# Quickbooks and adding service date ranges on invoice



## gastek (Mar 29, 2011)

I use quickbooks for my invoices and I bill customers for a monthly service. I use the reminders to pop the invoices up every 4 weeks that need to be mailed out. What I can't see to find is a way to include on the invoice the weeks of service I am billing them for. 

I want somewhere on the invoice for it to print "For Service from xx/xx/xx to xx/xx/xx" Obviously the xx's being the dates. Is this possible?

I use QB Pro 2010.


----------



## Solar Control (Jan 27, 2009)

PS0303 said:


> I use quickbooks for my invoices and I bill customers for a monthly service. I use the reminders to pop the invoices up every 4 weeks that need to be mailed out. What I can't see to find is a way to include on the invoice the weeks of service I am billing them for.
> 
> I want somewhere on the invoice for it to print "For Service from xx/xx/xx to xx/xx/xx" Obviously the xx's being the dates. Is this possible?
> 
> I use QB Pro 2010.


If QB Pro 10 is similar to QB Pro 09 then this should work:

Go to the Create Invoices page, click the arrow to the right of Customize, and then Manage Templates. Select the particular Template you want to edit and then make a copy of it (button below on the left). Edit the new Template Name on the right side of the window. Click OK when done.

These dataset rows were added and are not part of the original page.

(* Let $n\ge2$, let $0<f_1\le\dots\le f_n$ and $F_j=\sum_{i=1}^j f_i$. For $k\in\{1,\ldots,n-1\}$ let $X_k=1/(F_{n-k}+Z_k)^2$ where $Z_k\sim\Gamma\big(k,e\binom n2/k\big)$. Then for any $k\in\{3,\ldots,n-1\}$, $$\mathbb{E}[X_k^2]-(\mathbb{E}[X_k])^2\le O\left(\frac{k^3n^{12}F_{n-k}^3+k^9n^6}{n^{16}F_{n-k}^9+k^{16}F_{n-k}}\right),$$ whereas for $k=1$ and $k=2$, $$\mathbb{E}[X_1^2]-(\mathbb{E}[X_1])^2\le O\left(\frac{n^6F_{n-1}^2+n^2}{n^8F_{n-1}^7+F_{n-1}^3}\right),\qquad \mathbb{E}[X_2^2]-(\mathbb{E}[X_2])^2\le O\left(\frac{n^{10}F_{n-2}^3+n^4}{n^{14}F_{n-2}^9+F_{n-2}^2}\right).$$
   Context: $\Gamma(k,\lambda)$ denotes the distribution of the sum of $k$ independent exponential random variables with rate $\lambda$, i.e. density $\lambda^k x^{k-1}e^{-\lambda x}/(k-1)!$ on $x>0$. *)

theory Defs
  imports "HOL-Probability.Probability"
begin

definition gamma_density :: "nat \<Rightarrow> real \<Rightarrow> real \<Rightarrow> real" where
  "gamma_density k l x = (if x > 0 then l ^ k * x ^ (k - 1) * exp (- l * x) / fact (k - 1) else 0)"

definition gamma_measure :: "nat \<Rightarrow> real \<Rightarrow> real measure" where
  "gamma_measure k l = density lborel (\<lambda>x. ennreal (gamma_density k l x))"

definition Fsum :: "(nat \<Rightarrow> real) \<Rightarrow> nat \<Rightarrow> real" where
  "Fsum f j = (\<Sum>i = 1..j. f i)"

definition rateZ :: "nat \<Rightarrow> nat \<Rightarrow> real" where
  "rateZ n k = exp 1 * real (n choose 2) / real k"

definition varX :: "nat \<Rightarrow> (nat \<Rightarrow> real) \<Rightarrow> nat \<Rightarrow> real" where
  "varX n f k =
     (\<integral>z. (1 / (Fsum f (n - k) + z) ^ 2) ^ 2 \<partial>gamma_measure k (rateZ n k))
     - (\<integral>z. 1 / (Fsum f (n - k) + z) ^ 2 \<partial>gamma_measure k (rateZ n k)) ^ 2"

end

theory Submission
  imports Defs
begin
lemma lpoly_component_field_differentiable:
  assumes "z \<noteq> 0"
  shows "(\<lambda>z. lpoly a p q z $ i) field_differentiable (at z)"
proof -
  have "((\<lambda>z. lpoly a p q z $ i) has_field_derivative
      (\<Sum>k\<in>{p..q}. of_int k * z powi (k - 1) * 1 * a k $ i)) (at z)"
    unfolding lpoly_component using assms
    by (intro DERIV_sum DERIV_cmult_right DERIV_power_int DERIV_ident) auto
  then show ?thesis
    unfolding field_differentiable_def by blast
qed

lemma qf_lpoly_differentiable:
  assumes "z \<noteq> 0"
  shows "(\<lambda>z. qf A (lpoly a p q z)) differentiable (at z)"
proof -
  have "(\<lambda>z. lpoly a p q z $ i) differentiable (at z)" for i
    using assms by (intro field_differentiable_imp_differentiable lpoly_component_field_differentiable)
  then show ?thesis
    unfolding qf_def by (intro differentiable_sum differentiable_mult ballI) (auto simp: differentiable_cnj_iff)
qed

lemma tendsto_difference_quotient:
  fixes \<phi> :: "real \<Rightarrow> complex"
  assumes "\<phi> differentiable (at x)"
  shows "((\<lambda>y. (\<phi> y - \<phi> x) / of_real (y - x)) \<longlongrightarrow> vector_derivative \<phi> (at x)) (at x)"
proof -
  have "(\<phi> has_vector_derivative vector_derivative \<phi> (at x)) (at x)"
    using assms vector_derivative_works by blast
  then show ?thesis
    unfolding has_vector_derivative_complex_iff has_field_derivative_iff tendsto_complex_iff by simp
qed

lemma tendsto_of_real_mult_at_left: "((\<lambda>r. of_real r * c) \<longlongrightarrow> (c::complex)) (at_left 1)"
  using tendsto_mult_right[OF tendsto_of_real[OF tendsto_ident_at], of c 1 "{..<1}"] by simp
(* Let $x_1,\dots,x_n\in\mathbb{R}^p$, $\epsilon>0$, $k(x,x')=\exp(-\|x-x'\|^2/(4\epsilon^2))$, $\bar K_{ij}=k(x_i,x_j)$, $\bar A_{ij}=k(x_i,x_j)/(\bar K_{i\cdot}\bar K_{\cdot j})$, $\bar Z_{ij}=\bar A_{ij}/\bar A_{i\cdot}$ for $1\le i,j\le n$, and $\bar\Lambda=\mathrm{diag}(\bar Z_{\cdot1},\dots,\bar Z_{\cdot n})$. Let $\gamma_n=\sup_{1\le i,j\le n}\bar A_{i\cdot}/\bar A_{j\cdot}-1$. Then $\|\bar Z-\bar\Lambda^{-1}\bar Z^\top\|_2\le\sqrt2\,\gamma_n$.
   Context: $B_{i\cdot}=\sum_jB_{ij}$, $B_{\cdot j}=\sum_iB_{ij}$; $\|\cdot\|_2$ is the spectral norm. *)

theory Defs
  imports "HOL-Analysis.Analysis"
begin

definition gkernel :: "real \<Rightarrow> 'a::real_normed_vector \<Rightarrow> 'a \<Rightarrow> real" where
  "gkernel eps a b = exp (- (norm (a - b))\<^sup>2 / (4 * eps\<^sup>2))"

definition row_sum :: "real^'n^'m \<Rightarrow> 'm \<Rightarrow> real" where
  "row_sum M i = (\<Sum>j\<in>UNIV. M $ i $ j)"

definition col_sum :: "real^'n^'m \<Rightarrow> 'n \<Rightarrow> real" where
  "col_sum M j = (\<Sum>i\<in>UNIV. M $ i $ j)"

definition Kbar :: "real \<Rightarrow> ('n::finite \<Rightarrow> real^'p) \<Rightarrow> real^'n^'n" where
  "Kbar eps x = (\<chi> i j. gkernel eps (x i) (x j))"

definition Abar :: "real \<Rightarrow> ('n::finite \<Rightarrow> real^'p) \<Rightarrow> real^'n^'n" where
  "Abar eps x = (\<chi> i j. gkernel eps (x i) (x j)
                   / (row_sum (Kbar eps x) i * col_sum (Kbar eps x) j))"

definition Zbar :: "real \<Rightarrow> ('n::finite \<Rightarrow> real^'p) \<Rightarrow> real^'n^'n" where
  "Zbar eps x = (\<chi> i j. Abar eps x $ i $ j / row_sum (Abar eps x) i)"

definition Lambdabar :: "real \<Rightarrow> ('n::finite \<Rightarrow> real^'p) \<Rightarrow> real^'n^'n" where
  "Lambdabar eps x = (\<chi> i j. if i = j then col_sum (Zbar eps x) i else 0)"

definition gamma_n :: "real \<Rightarrow> ('n::finite \<Rightarrow> real^'p) \<Rightarrow> real" where
  "gamma_n eps x = Max {row_sum (Abar eps x) i / row_sum (Abar eps x) j | i j. True} - 1"

text \<open>Spectral norm = operator norm w.r.t. the Euclidean norm.\<close>
definition spectral_norm :: "real^'n^'m \<Rightarrow> real" where
  "spectral_norm M = onorm (\<lambda>v. M *v v)"

end

theory Submission
  imports Defs
begin

text \<open>
Write A for the symmetric matrix Abar, a_i for its row sums and l_i for the column sums of its
row normalisation Z. Then Lambda^-1 Z^T is the row normalisation of Z^T, and the entry (i, j) of
M = Z - Lambda^-1 Z^T is A_ij (a_j l_i - a_i) / (a_i a_j l_i). Since
a_j l_i - a_i = sum_k A_ik (a_j - a_k) / a_k and every |a_j - a_k| is at most gamma a_j, this gives
|M_ij| \<le> gamma A_ij / a_i; splitting a_j l_i - a_i = (a_j - a_i) l_i + a_i (l_i - 1) also gives
|M_ij| \<le> 2 gamma A_ij / a_j. So the absolute row sums of M are at most gamma and its absolute
column sums at most 2 gamma, and Schur's test bounds the spectral norm of M by sqrt (2 gamma^2).
\<close>

lemma sum_weighted_square_le:
  fixes w y :: "'a \<Rightarrow> real"
  assumes "\<And>j. j \<in> S \<Longrightarrow> 0 \<le> w j"
  shows "(\<Sum>j\<in>S. w j * y j)\<^sup>2 \<le> (\<Sum>j\<in>S. w j) * (\<Sum>j\<in>S. w j * (y j)\<^sup>2)"
proof -
  have "(\<Sum>j\<in>S. sqrt (w j) * (sqrt (w j) * y j))\<^sup>2
      \<le> (\<Sum>j\<in>S. (sqrt (w j))\<^sup>2) * (\<Sum>j\<in>S. (sqrt (w j) * y j)\<^sup>2)"
    by (rule Cauchy_Schwarz_ineq_sum)
  moreover have "(sqrt (w j))\<^sup>2 = w j" if "j \<in> S" for j
    using assms that by simp
  ultimately show ?thesis
    by (simp add: power_mult_distrib mult.assoc[symmetric] flip: power2_eq_square cong: sum.cong)
qed

lemma norm_vec_power2: "(norm (v :: real^'n))\<^sup>2 = (\<Sum>j\<in>UNIV. (v $ j)\<^sup>2)"
  by (simp add: norm_vec_def L2_set_def sum_nonneg)

lemma norm_matrix_vector_mult_power2_le:
  fixes M :: "real^'n^'m" and v :: "real^'n"
  assumes row: "\<And>i. (\<Sum>j\<in>UNIV. \<bar>M $ i $ j\<bar>) \<le> R"
    and col: "\<And>j. (\<Sum>i\<in>UNIV. \<bar>M $ i $ j\<bar>) \<le> C"
  shows "(norm (M *v v))\<^sup>2 \<le> R * C * (norm v)\<^sup>2"
proof -
  have R_nonneg: "0 \<le> R"
    by (rule order_trans[OF sum_nonneg row]) simp
  have row_term: "((M *v v) $ i)\<^sup>2 \<le> R * (\<Sum>j\<in>UNIV. \<bar>M $ i $ j\<bar> * (v $ j)\<^sup>2)" for i
  proof -
    have "\<bar>(M *v v) $ i\<bar> \<le> (\<Sum>j\<in>UNIV. \<bar>M $ i $ j\<bar> * \<bar>v $ j\<bar>)"
      unfolding matrix_vector_mult_def vec_lambda_beta
      by (rule order_trans[OF sum_abs]) (simp add: abs_mult)
    then have "\<bar>(M *v v) $ i\<bar>\<^sup>2 \<le> (\<Sum>j\<in>UNIV. \<bar>M $ i $ j\<bar> * \<bar>v $ j\<bar>)\<^sup>2"
      by (rule power_mono) simp
    then have "((M *v v) $ i)\<^sup>2 \<le> (\<Sum>j\<in>UNIV. \<bar>M $ i $ j\<bar> * \<bar>v $ j\<bar>)\<^sup>2"
      by simp
    also have "\<dots> \<le> (\<Sum>j\<in>UNIV. \<bar>M $ i $ j\<bar>) * (\<Sum>j\<in>UNIV. \<bar>M $ i $ j\<bar> * \<bar>v $ j\<bar>\<^sup>2)"
      by (rule sum_weighted_square_le) simp
    also have "\<dots> \<le> R * (\<Sum>j\<in>UNIV. \<bar>M $ i $ j\<bar> * (v $ j)\<^sup>2)"
      by (simp add: row mult_right_mono sum_nonneg)
    finally show ?thesis .
  qed
  have "(norm (M *v v))\<^sup>2 \<le> (\<Sum>i\<in>UNIV. R * (\<Sum>j\<in>UNIV. \<bar>M $ i $ j\<bar> * (v $ j)\<^sup>2))"
    unfolding norm_vec_power2 by (intro sum_mono row_term)
  also have "\<dots> = R * (\<Sum>i\<in>UNIV. \<Sum>j\<in>UNIV. \<bar>M $ i $ j\<bar> * (v $ j)\<^sup>2)"
    by (simp add: sum_distrib_left)
  also have "\<dots> = R * (\<Sum>j\<in>UNIV. \<Sum>i\<in>UNIV. \<bar>M $ i $ j\<bar> * (v $ j)\<^sup>2)"
    by (subst sum.swap) (rule refl)
  also have "\<dots> = R * (\<Sum>j\<in>UNIV. (\<Sum>i\<in>UNIV. \<bar>M $ i $ j\<bar>) * (v $ j)\<^sup>2)"
    by (simp add: sum_distrib_right)
  also have "\<dots> \<le> R * (\<Sum>j\<in>UNIV. C * (v $ j)\<^sup>2)"
    using R_nonneg col by (intro mult_left_mono sum_mono mult_right_mono) auto
  finally show ?thesis
    by (simp add: norm_vec_power2 sum_distrib_left mult.assoc)
qed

Once you are back to the Create Invoices page, click Customize, Additional Customization. When this window opens click the Layout Designer button at the bottom. This will allow you to customize your Invoice however you like. Add your logo, tagline, change to your company's normal typefaces etc..

The process above is a little arduous and if anyone has a quicker way through it please share it.


----------



## gastek (Mar 29, 2011)

Yes that is how you can modify a template. However I do not know of any way to get the dates into the invoice without a manual insertion.

What I am looking for is that I can create an invoice and set it as memorized with a field that will contain the date range of the weeks serviced. Then every four weeks when the memorized transaction appears that field is populated with the new weeks of service.


----------